Wonder himself called "Living for the City" one of the three songs in his career he's most proud of. In a 1985 interview with the New York Times, he explained: "I wanted to speak out, and do it in a way where people will feel the rhythm of it, but also get the message across, in a peaceful way that's also strong." 

The song also employed the use of sound effects to depict a bustling metropolis, with the team depicting the realism of having actual cops shout racial epithets at the song's protagonist. In an interview for the book Stevie Wonder, Signed, Sealed and Delivered, engineer Cecil recalled: "[Wonder] wanted genuineness, so we had to get real cops, which only happened because [Margouleff's] father was the mayor of Great Neck and he got some cops to meet us in a parking lot. We told them, 'Just say what you'd say if you were arresting a guy for drugs,' and they did the rest."

"We got where Stevie was coming from and what he was trying to say" explains Margouleff. "And we did everything in our power to encourage him."

Innervisions also features the track, "He's Misstra Know-It-All," and its pejorative view of then-President Nixon. The song showcased Wonder as a fearless critic of modern American politics as well as his relationship to the plight the country faced at the time, burdened with an unpopular President a few years before his resignation. "Take my word, please beware,"Wonder croons. "Of a man that just don't give a care, no."

While Innervisions is a lasting triumph, a shocking turn of events nearly ended Wonder's life and career only days after its release. "Stevie was listening to our mastered album in the car and got into a car accident," recalls Margouleff of the Aug. 6, 1973 incident when a log smashed through Wonder's windshield while driving in South Carolina. "He was in a coma for five days, and came out of it with a higher consciousness that comes with a near death experience. He came back a different guy in a lot of ways."

Wonder eventually fully recovered and, in the following years, would cement himself as an artist for all-time. His hot streak continued, with his follow-up album Fulfillingness' First Finale, turning more introspective and earning Wonder a second consecutive GRAMMY for Album Of The Year.

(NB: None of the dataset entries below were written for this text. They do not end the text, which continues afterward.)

lemma centre_leaf_edge: "s \<in> VS \<Longrightarrow> s \<noteq> r \<Longrightarrow> {r, s} \<in> ES"
  using star_edges by blast

lemma leaf_unique:
  assumes "s \<in> VS" "s' \<in> VS" "x \<in> B s" "x \<in> B s'" "x \<notin> B r"
  shows "s = s'"
proof -
  define S where "S = {t \<in> VS. x \<in> B t}"
  have "x \<in> verts G" using bag_subset_verts assms(1,3) by blast
  then have "connected_in ES S"
    using tree_decomposition unfolding S_def is_tree_decomposition_def by simp
  then have path: "(\<lambda>a b. a \<in> S \<and> b \<in> S \<and> {a, b} \<in> ES)\<^sup>*\<^sup>* s s'"
    using assms(1-4) unfolding connected_in_def S_def by simp
  have no_step: "\<not> (a \<in> S \<and> b \<in> S \<and> {a, b} \<in> ES)" for a b
  proof
    assume step: "a \<in> S \<and> b \<in> S \<and> {a, b} \<in> ES"
    then obtain s0 where "{a, b} = {r, s0}" using star_edges by blast
    then have "r \<in> S" using step by (auto simp: doubleton_eq_iff)
    with assms(5) show False unfolding S_def by simp
  qed
  from path show ?thesis by (rule converse_rtranclpE) (use no_step in auto)
qed

definition leaf :: "nat \<Rightarrow> 'b" where
  "leaf x = (SOME s. s \<in> VS \<and> x \<in> B s)"

lemma leaf_in_bag:
  assumes "x \<in> verts G"
  shows "leaf x \<in> VS" "x \<in> B (leaf x)"
proof -
  have "{t \<in> VS. x \<in> B t} \<noteq> {}"
    using tree_decomposition assms unfolding is_tree_decomposition_def by simp
  then have "\<exists>s. s \<in> VS \<and> x \<in> B s" by blast
  then have "leaf x \<in> VS \<and> x \<in> B (leaf x)" unfolding leaf_def by (rule someI_ex)
  then show "leaf x \<in> VS" "x \<in> B (leaf x)" by simp_all
qed

lemma leaf_eqI: "s \<in> VS \<Longrightarrow> x \<in> B s \<Longrightarrow> x \<notin> B r \<Longrightarrow> leaf x = s"
  using leaf_unique leaf_in_bag bag_subset_verts by blast

lemma leaf_ne_centre: "x \<in> verts G \<Longrightarrow> x \<notin> B r \<Longrightarrow> leaf x \<noteq> r"
  using leaf_in_bag by force

lemma edge_in_leaf_bag:
  assumes "{x, y} \<in> edges G" "x \<in> verts G" "x \<notin> B r"
  shows "y \<in> B (leaf x)"
proof -
  obtain t where "t \<in> VS" "{x, y} \<subseteq> B t"
    using tree_decomposition assms(1) unfolding is_tree_decomposition_def by blast
  moreover from this have "leaf x = t" using leaf_eqI assms(3) by simp
  ultimately show ?thesis by simp
qed

definition adhesion_set :: "nat \<Rightarrow> nat set" where
  "adhesion_set x = B r \<inter> B (leaf x)"

definition leaf_interior :: "nat \<Rightarrow> nat set" where
  "leaf_interior x = B (leaf x) - B r"

lemma leaf_eq_if_mem_leaf_interior:
  assumes "x \<in> verts G" "y \<in> leaf_interior x"
  shows "leaf y = leaf x"
  using assms leaf_eqI leaf_in_bag unfolding leaf_interior_def by simp

lemma finite_leaf_interior: "x \<in> verts G \<Longrightarrow> finite (leaf_interior x)"
  unfolding leaf_interior_def
  using finite_subset[OF bag_subset_verts finite_verts_G] leaf_in_bag by blast

lemma card_adhesion_set:
  assumes "adhesion_le ES B k" "x \<in> verts G" "x \<notin> B r"
  shows "card (adhesion_set x) \<le> k"
  using assms centre_leaf_edge[OF leaf_in_bag(1) leaf_ne_centre]
  unfolding adhesion_le_def adhesion_set_def by blast

lemma adhesion_set_torso_edge:
  assumes "x \<in> verts G" "x \<notin> B r" "u \<in> adhesion_set x" "v \<in> adhesion_set x" "u \<noteq> v"
  shows "{u, v} \<in> edges (torso G ES B r)"
proof -
  have "{r, leaf x} \<in> ES" using centre_leaf_edge leaf_in_bag leaf_ne_centre assms(1,2) by blast
  with assms(3-5) show ?thesis unfolding edges_torso adhesion_set_def by blast
qed

lemma centre_edge_torso_edge:
  "{u, v} \<in> edges G \<Longrightarrow> {u, v} \<subseteq> B r \<Longrightarrow> {u, v} \<in> edges (torso G ES B r)"
  by (simp add: edges_torso)

lemma is_graph_torso: "is_graph (torso G ES B r)"
  unfolding is_graph_def
proof (intro conjI ballI)
  show "finite (verts (torso G ES B r))"
    using finite_centre by simp
next
  fix e assume "e \<in> edges (torso G ES B r)"
  then consider "e \<in> edges G" "e \<subseteq> B r" | u v where "e = {u, v}" "u \<noteq> v" "u \<in> B r" "v \<in> B r"
    unfolding edges_torso by blast
  then show "\<exists>u v. e = {u, v} \<and> u \<noteq> v \<and> u \<in> verts (torso G ES B r) \<and> v \<in> verts (torso G ES B r)"
  proof cases
    case 1
    then obtain u v where "e = {u, v}" "u \<noteq> v" using graph unfolding is_graph_def by meson
    with 1 show ?thesis by auto
  qed auto
qed

definition attachments :: "(nat \<times> nat) set" where
  "attachments = (SIGMA x:verts G - B r. adhesion_set x)"

definition pendant_graph :: graph where
  "pendant_graph = attach_pendants (torso G ES B r) attachments"

lemma finite_attachments: "finite attachments"
  using finite_centre finite_verts_G unfolding attachments_def adhesion_set_def by auto

lemma attachment_anchors: "snd ` attachments \<subseteq> verts (torso G ES B r)"
  unfolding attachments_def adhesion_set_def by auto

lemma hat_class_pendant_graph: "H (torso G ES B r) \<Longrightarrow> hat_class H pendant_graph"
  unfolding pendant_graph_def
  using hat_class_attach_pendants[OF is_graph_torso attachment_anchors _ finite_attachments] .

While Cecil passed away in 2021, Margouleff would go on to collaborate with the likes of future electronic stars Devo and Oingo Bongo, and is putting the finishing touches on a book dubbed Technology Drives the Art. But it was with Innervisions he experienced one of his greatest successes. 

"The synth was a new paintbrush, just like AI is a new paintbrush for artists now," says Margouleff of its trailblazing technology, which has influenced an untold number of artists and helped extrapolate the modern American sound. "When it came on the scene, Stevie got it."

Most important for Margouleff was being a part of such a fruitful creative process. "It was a beautiful journey."